Com o carimbo da Boyo Press (boyopress.com), a obra é uma das ramificações de um trabalho mais alargado desenvolvido por Ryan Mungia, dedicado à Segunda Guerra Mundial, “Shore Leave”, e que percorre fotos e documentos dignos da secção de memorabilia.

Mungia resgatou as imagens que há vários anos circulavam já pela net, de repositórios como os Arquivos Nacionais ou a Biblioteca Nacional de Medicina, e ainda da colecção pessoal do historiador de design gráfico Jim Heimann, que assina um ensaio para o livro. A “She May Be a Bag of Trouble”, cartaz então assinado por “Christian”, recebe as honras de capa, lançando o seu olhar cínico.

A criatividade dos desenhos encontra–se com a luxúria e as ameaças latentes numa partilha de cama, para deleite artístico e pânico generalizado numa sociedade a meças com os fantasmas da prostituição – actividade tão preocupante quanto os planos maquiavélicos de Hitler, Mussolini e Tojo.

O que começou como justificada profilaxia no âmbito da saúde pública e da educação sexual, depressa adquiriu uma feição moralista, inclinada à ignorância e à misoginia. Mensagens moderadas como “Expôs-se à sífilis? Contacte já o seu médico e faça um exame”, cederam espaço a violentas manipulações dos sentimentos de culpa e vergonha – “As doenças venéreas podem ser tratadas, mas não há cura para o arrependimento”.
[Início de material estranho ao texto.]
lemma quad_form_attains_max_on_sphere:
  assumes "n > 0"
  shows "\<exists>u. (\<Sum>i<n. (u i)^2) = 1 \<and> (\<forall>v. (\<Sum>i<n. (v i)^2) = 1 \<longrightarrow> quad_form n C v \<le> quad_form n C u)"
proof -
  define T where "T i = (if i < n then {-1..1} else {0::real})" for i
  define S where "S = Pi UNIV T \<inter> {u. (\<Sum>i<n. (u i)^2) = 1}"
  have "compactin (product_topology (\<lambda>_. euclideanreal) UNIV) (PiE UNIV T)"
    unfolding T_def by (simp add: compactin_PiE compactin_euclidean_iff)
  then have "compact (Pi UNIV T)"
    by (simp add: euclidean_product_topology compactin_euclidean_iff PiE_UNIV_domain)
  moreover have "closed {u::nat\<Rightarrow>real. (\<Sum>i<n. (u i)^2) = 1}"
    by (intro closed_Collect_eq continuous_intros continuous_on_product_coordinates)
  ultimately have "compact S" unfolding S_def by (rule compact_Int_closed)
  moreover have "S \<noteq> {}"
  proof -
    have "(\<Sum>i<n. (if i = 0 then 1 else 0 :: real)^2) = (\<Sum>i<n. if i = 0 then 1 else 0)"
      by (rule sum.cong) auto
    then have "(\<lambda>i. if i = 0 then 1 else 0 :: real) \<in> S" using assms unfolding S_def T_def by auto
    then show ?thesis by auto
  qed
  moreover have "continuous_on S (quad_form n C)"
    unfolding quad_form_def
    by (intro continuous_intros continuous_on_subset[OF continuous_on_product_coordinates subset_UNIV])
  ultimately obtain u where u: "u \<in> S" "\<forall>y\<in>S. quad_form n C y \<le> quad_form n C u"
    using continuous_attains_sup by blast
  have "quad_form n C v \<le> quad_form n C u" if v: "(\<Sum>i<n. (v i)^2) = 1" for v
  proof -
    define v' where "v' i = (if i < n then v i else 0)" for i
    have "(v i)^2 \<le> 1" if "i < n" for i
      using member_le_sum[of i "{..<n}" "\<lambda>i. (v i)^2"] that v by simp
    then have "\<bar>v i\<bar> \<le> 1" if "i < n" for i using that abs_square_le_1 by blast
    then have "v' \<in> S" using v unfolding S_def T_def v'_def by (auto simp: abs_le_iff)
    moreover have "quad_form n C v' = quad_form n C v" by (rule quad_form_cong) (simp add: v'_def)
    ultimately show ?thesis using u by auto
  qed
  moreover have "(\<Sum>i<n. (u i)^2) = 1" using u unfolding S_def by auto
  ultimately show ?thesis by blast
qed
No coração da ameaça, as mulheres, adversárias do Estado e dos bons preceitos da humanidade. A personificação das doenças sexualmente transmissíveis como a arma secreta das más companhias femininas alastrou pelos trabalhos gráficos. Conselhos que visavam as senhoras de má fama, como “Todos estes homens têm sífilis – senhoras, mantenham-se afastadas dos clubes de dança”, alargaram o seu espectro de influência a adoráveis adolescentes com semblante angelical. “Podes pensar que ela é a tua miúda, mas ela pode ser a miúda de todos”, ou “ela pode parecer limpa… mas”, foram algumas das hesitações que contemplavam até o perfil da namorada fiel.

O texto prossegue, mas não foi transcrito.